A senior official said late on Friday that Greece was looking to strike a deal over the weekend to repay early about half the loans it got from the IMF, in a bid to lower its debt-servicing costs.
Greece’s benchmark 10-year government bond yield slipped to 3.29 percent, its lowest since September 2005 and approaching the record low of 3.203 percent.
Five-year yields also reached a 13-year low of 2.16 percent late last week.
“If they do accomplish the early repayment, that helps them reduce the interest rate burden, and adds to what has been quite a good performance story,” said Commerzbank rates strategist Christoph Rieger.
Sources told Reuters that Greece is planning a bond issue in late June to raise money for the repayment.
Most euro zone bond spreads have been tightening after Europe and China released improved data late last week. German 10-year yields, the benchmark for the region, hovered near a three-week high at 0.054 percent.

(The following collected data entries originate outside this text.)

text \<open>
  Fix \<open>t\<close> and a mode with closed-loop matrix \<open>M\<close>, let \<open>\<Phi>(s) = \<Phi>\<^sub>M(s,t)\<close> and let
  \<open>w(s)\<close> be the first row of \<open>e\<^bsup>\<Pi>(s - t)\<^esup>\<close>, so that \<open>w' = w \<Pi>\<close>. In the derivative of
  \<open>Z(s) = \<Phi>(s)\<^sup>T (\<Sum>\<^sub>c w\<^sub>c(s) \<Lambda>\<^sub>c(s)) \<Phi>(s)\<close> the coupling between the phases of the mode
  cancels against \<open>w' = w \<Pi>\<close> and the Lyapunov terms cancel against \<open>\<Phi>' = M \<Phi>\<close>. What is left
  is \<open>-\<Phi>\<^sup>T (F L + f \<Lambda>') \<Phi>\<close>, where \<open>F = \<Sum>\<^sub>c w\<^sub>c\<close> and \<open>f = \<Sum>\<^sub>c w\<^sub>c \<eta>\<^sub>c\<close> are the ccdf and the pdf
  of the holding time and \<open>\<Lambda>'\<close> is the first phase of the other mode, reached through the
  exit vector. Integrating from \<open>t\<close> to \<open>t\<^sub>f\<close>, with \<open>Z(t) = \<Lambda>\<^sub>1(t)\<close> and
  \<open>Z(t\<^sub>f) = F(t\<^sub>f - t) \<Phi>\<^sup>T S \<Phi>\<close>, gives the formula.

  The transition matrix of the bounded, piecewise continuous coefficient comes from Picard
  iteration; it is unique because the transposed solution of the adjoint equation
  \<open>U' = -M\<^sup>T U\<close> inverts every solution.
\<close>

section \<open>Matrix algebra\<close>

lemma bounded_bilinear_matrix_matrix_mult:
  "bounded_bilinear ((**) :: real^'n^'m \<Rightarrow> real^'k^'n \<Rightarrow> real^'k^'m)"
  unfolding bilinear_conv_bounded_bilinear[symmetric] bilinear_def
  by (auto intro!: linearI simp: matrix_add_ldistrib vec_eq_iff matrix_matrix_mult_def
      sum_distrib_left algebra_simps sum.distrib)

interpretation matrix_mult: bounded_bilinear "(**) :: real^'n^'m \<Rightarrow> real^'k^'n \<Rightarrow> real^'k^'m"
  by (rule bounded_bilinear_matrix_matrix_mult)

lemma bounded_linear_transpose: "bounded_linear (transpose :: real^'n^'m \<Rightarrow> real^'m^'n)"
  by (intro linear_conv_bounded_linear[THEN iffD1] linearI) (auto simp: transpose_def vec_eq_iff)

lemma (in bounded_bilinear) bounded_image:
  assumes "bounded (f ` S)" "bounded (g ` S)"
  shows "bounded ((\<lambda>x. prod (f x) (g x)) ` S)"
proof -
  obtain K where K: "K > 0" "\<And>a b. norm (prod a b) \<le> norm a * norm b * K"
    using pos_bounded by blast
  obtain Bf Bg where Bf: "\<forall>x\<in>S. norm (f x) \<le> Bf" and Bg: "\<forall>x\<in>S. norm (g x) \<le> Bg"
    and "Bf > 0" "Bg > 0"
    using assms by (auto simp: bounded_pos)
  have "norm (prod (f x) (g x)) \<le> Bf * Bg * K" if "x \<in> S" for x
  proof -
    have "norm (prod (f x) (g x)) \<le> norm (f x) * norm (g x) * K" by (rule K(2))
    also have "\<dots> \<le> Bf * Bg * K"
      using Bf Bg that K(1) \<open>Bf > 0\<close> by (intro mult_right_mono mult_mono) auto
    finally show ?thesis .
  qed
  then show ?thesis by (auto simp: bounded_iff)
qed

lemma transpose_uminus: "transpose (- A) = - transpose (A :: real^'n^'m)"
  by (simp add: transpose_def vec_eq_iff)

lemma sum_axis_scaleR:
  fixes F :: "'n::finite \<Rightarrow> 'a::real_vector"
  shows "(\<Sum>c\<in>UNIV. axis e (1::real) $ c *\<^sub>R F c) = F e"
  by (simp add: axis_def if_distrib[of "\<lambda>r. r *\<^sub>R _"] sum.delta' cong: if_cong)

lemma mat_one_row: "mat 1 $ e = axis e (1::real)"
  by (simp add: vec_eq_iff mat_def axis_def)

section \<open>The matrix exponential\<close>

definition matpow :: "real^'m^'m \<Rightarrow> nat \<Rightarrow> real^'m^'m" where
  "matpow P k = (((**) P) ^^ k) (mat 1)"

lemma matpow_0 [simp]: "matpow P 0 = mat 1"
  by (simp add: matpow_def)

lemma matpow_Suc: "matpow P (Suc k) = P ** matpow P k"
  by (simp add: matpow_def)

lemma matpow_Suc_right: "matpow P (Suc k) = matpow P k ** P"
  by (induction k) (simp_all add: matpow_Suc matrix_mul_assoc)

lemma matpow_scaleR: "matpow (c *\<^sub>R P) k = (c ^ k) *\<^sub>R matpow P k"
  by (induction k) (simp_all add: matpow_Suc matrix_mult.scaleR_left matrix_mult.scaleR_right)

lemma norm_matpow_le:
  fixes P :: "real^'m^'m"
  obtains C K where "C \<ge> 0" "K \<ge> 0" "\<And>k. norm (matpow P k) \<le> C * K ^ k"
proof -
  obtain K where K: "K > 0" "\<And>A B. norm ((A::real^'m^'m) ** (B::real^'m^'m)) \<le> norm A * norm B * K"
    using matrix_mult.pos_bounded by blast
  have "norm (matpow P k) \<le> norm (mat 1 :: real^'m^'m) * (norm P * K) ^ k" for k
  proof (induction k)
    case (Suc k)
    have "norm (matpow P (Suc k)) \<le> norm P * norm (matpow P k) * K"
      using K(2) by (simp add: matpow_Suc)
    also have "\<dots> \<le> norm P * (norm (mat 1 :: real^'m^'m) * (norm P * K) ^ k) * K"
      using Suc K(1) by (intro mult_right_mono mult_left_mono) auto
    finally show ?case by (simp add: algebra_simps)
  qed simp
  with K(1) show ?thesis
    by (intro that[of "norm (mat 1 :: real^'m^'m)" "norm P * K"]) auto
qed

lemma mat_exp_scaleR: "mat_exp (x *\<^sub>R P) = (\<Sum>k. (x ^ k / fact k) *\<^sub>R matpow P k)"
  unfolding mat_exp_def matpow_def[symmetric] matpow_scaleR by (simp add: divide_inverse mult.commute)

lemma mat_exp_zero: "mat_exp 0 = mat 1"
proof -
  have "(\<lambda>k. ((0::real) ^ k / fact k) *\<^sub>R matpow P k) sums mat 1" for P :: "real^'m^'m"
    by (rule sums_single[of 0, THEN sums_cong[THEN iffD1, rotated]]) auto
  from sums_unique[OF this, of 0] show ?thesis
    by (metis mat_exp_scaleR scaleR_zero_left)
qed

lemma exp_series_summable:
  fixes c :: "nat \<Rightarrow> 'a::banach"
  assumes bound: "\<And>k. norm (c k) \<le> C * K ^ k"
  shows "summable (\<lambda>k. (x ^ k / fact k) *\<^sub>R c k)"
proof (rule summable_comparison_test)
  have "norm ((x ^ k / fact k) *\<^sub>R c k) \<le> C * (inverse (fact k) * (\<bar>x\<bar> * K) ^ k)" for k
  proof -
    have "norm ((x ^ k / fact k) *\<^sub>R c k) = \<bar>x\<bar> ^ k / fact k * norm (c k)"
      by (simp add: power_abs)
    also have "\<dots> \<le> \<bar>x\<bar> ^ k / fact k * (C * K ^ k)"
      by (intro mult_left_mono bound) auto
    finally show ?thesis by (simp add: power_mult_distrib field_simps)
  qed
  then show "\<exists>N. \<forall>k\<ge>N. norm ((x ^ k / fact k) *\<^sub>R c k) \<le> C * (inverse (fact k) * (\<bar>x\<bar> * K) ^ k)"
    by blast
  show "summable (\<lambda>k. C * (inverse (fact k) * (\<bar>x\<bar> * K) ^ k))"
    by (intro summable_mult summable_exp)
qed

lemma exp_series_uniform_limit:
  fixes c :: "nat \<Rightarrow> 'a::banach"
  assumes bound: "\<And>k. norm (c k) \<le> C * K ^ k"
  shows "uniform_limit (cball 0 R) (\<lambda>n y. \<Sum>k<n. (y ^ k / fact k) *\<^sub>R c k)
           (\<lambda>y. \<Sum>k. (y ^ k / fact k) *\<^sub>R c k) sequentially"
proof (rule Weierstrass_m_test)
  fix k and y :: real assume "y \<in> cball 0 R"
  then have "\<bar>y\<bar> ^ k \<le> \<bar>R\<bar> ^ k" by (intro power_mono) auto
  then have "norm ((y ^ k / fact k) *\<^sub>R c k) \<le> \<bar>R\<bar> ^ k / fact k * (C * K ^ k)"
    using bound[of k] by (auto simp: power_abs intro!: mult_mono divide_right_mono)
  then show "norm ((y ^ k / fact k) *\<^sub>R c k) \<le> C * (inverse (fact k) * (\<bar>R\<bar> * K) ^ k)"
    by (simp add: power_mult_distrib divide_inverse mult_ac)
next
  show "summable (\<lambda>k. C * (inverse (fact k) * (\<bar>R\<bar> * K) ^ k))"
    by (intro summable_mult summable_exp)
qed
lemma exp_series_has_vector_derivative:
  fixes c :: "nat \<Rightarrow> 'a::banach"
  assumes bound: "\<And>k. norm (c k) \<le> C * K ^ k"
  shows "((\<lambda>y. \<Sum>k. (y ^ k / fact k) *\<^sub>R c k) has_vector_derivative
           (\<Sum>k. (x ^ k / fact k) *\<^sub>R c (Suc k))) (at x)"
proof -
  define S where "S = ball (0::real) (\<bar>x\<bar> + 1)"
  define f where "f k y = (y ^ Suc k / fact (Suc k)) *\<^sub>R c (Suc k)" for k y
  define a where "a k y = (y ^ k / fact k) *\<^sub>R c (Suc k)" for k y
  define A where "A = (\<lambda>y. \<Sum>k. a k y)"
  have xS: "x \<in> S" and convex: "convex S" and zero: "0 \<in> S"
    by (simp_all add: S_def)
  have "norm (c (Suc k)) \<le> (C * K) * K ^ k" for k
    using bound[of "Suc k"] by (simp add: mult_ac)
  from uniform_limit_on_subset[OF exp_series_uniform_limit[OF this] ball_subset_cball]
  have ul: "uniform_limit S (\<lambda>n y. \<Sum>i<n. a i y) A sequentially"
    by (simp add: S_def A_def a_def)
  have unif: "\<forall>\<^sub>F n in sequentially. \<forall>y\<in>S. \<forall>h.
      norm ((\<Sum>i<n. h *\<^sub>R a i y) - h *\<^sub>R A y) \<le> e * norm h" if "e > 0" for e
  proof -
    from ul that have "\<forall>\<^sub>F n in sequentially. \<forall>y\<in>S. norm ((\<Sum>i<n. a i y) - A y) < e"
      by (simp add: uniform_limit_iff dist_norm)
    then show ?thesis
    proof eventually_elim
      case (elim n)
      have "norm ((\<Sum>i<n. h *\<^sub>R a i y) - h *\<^sub>R A y) \<le> \<bar>h\<bar> * e" if "y \<in> S" for y h
        using elim that
        by (simp add: scaleR_sum_right[symmetric] scaleR_diff_right[symmetric] mult_left_mono less_imp_le)
      then show ?case by (simp add: mult.commute)
    qed
  qed
  have der: "(f n has_derivative (\<lambda>h. h *\<^sub>R a n y)) (at y within S)" for n y
  proof -
    have "((\<lambda>y. y ^ Suc n / fact (Suc n)) has_real_derivative y ^ n / fact n) (at y within S)"
      using DERIV_cdivide[OF DERIV_pow[of "Suc n" y S], of "fact (Suc n)"]
      by (simp del: of_nat_Suc)
    from has_vector_derivative_scaleR[OF this has_vector_derivative_const[of "c (Suc n)"]]
    have "(f n has_vector_derivative a n y) (at y within S)"
      by (simp only: f_def[abs_def] a_def scaleR_zero_right add_0_left)
    then show ?thesis by (simp add: has_vector_derivative_def)
  qed
  have "(\<lambda>n. f n 0) sums 0" by (simp add: f_def)
  then obtain g where g: "\<And>y. y \<in> S \<Longrightarrow>
      (\<lambda>n. f n y) sums g y \<and> (g has_derivative (\<lambda>h. h *\<^sub>R A y)) (at y within S)"
    using has_derivative_series[of S f "\<lambda>n y h. h *\<^sub>R a n y" "\<lambda>y h. h *\<^sub>R A y",
        OF convex der unif zero] by blast
  have series: "(\<Sum>k. (y ^ k / fact k) *\<^sub>R c k) = c 0 + g y" if "y \<in> S" for y
  proof -
    have "(\<lambda>k. (y ^ Suc k / fact (Suc k)) *\<^sub>R c (Suc k)) sums g y"
      using g[OF that] by (simp add: f_def)
    from sums_Suc_iff[THEN iffD1, OF this] show ?thesis
      by (simp add: sums_unique[symmetric] add.commute)
  qed
  have "(g has_derivative (\<lambda>h. h *\<^sub>R A x)) (at x)"
    using g[OF xS] at_within_open[OF xS] by (simp add: S_def)
  then have "((\<lambda>y. c 0 + g y) has_derivative (\<lambda>h. h *\<^sub>R A x)) (at x)"
    by (auto intro!: derivative_eq_intros)
  then have "((\<lambda>y. \<Sum>k. (y ^ k / fact k) *\<^sub>R c k) has_derivative (\<lambda>h. h *\<^sub>R A x)) (at x)"
    by (rule has_derivative_transform_within_open[OF _ _ xS]) (auto simp: S_def series)
  then show ?thesis
    by (simp add: has_vector_derivative_def A_def a_def)
qed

Euro zone industrial output declined in February but by less than expected, as mild weather meant a surge in energy production at the start of 2019 reversed.
“With improved sentiment the picture for spreads should remain supportive with the central bank still on the cautious side,” rates strategists at ING said in a note.
They said “semi-core” spreads — referring to the likes of France and Belgium — should benefit the most, but Italian bond spreads could also tighten, given some supply constraints.
And Italian yields were lower across the board on Monday. The benchmark 10-year yield fell two basis points to 2.52 percent, and the Italy/Germany 10-year yield spread tightened to 246 bps.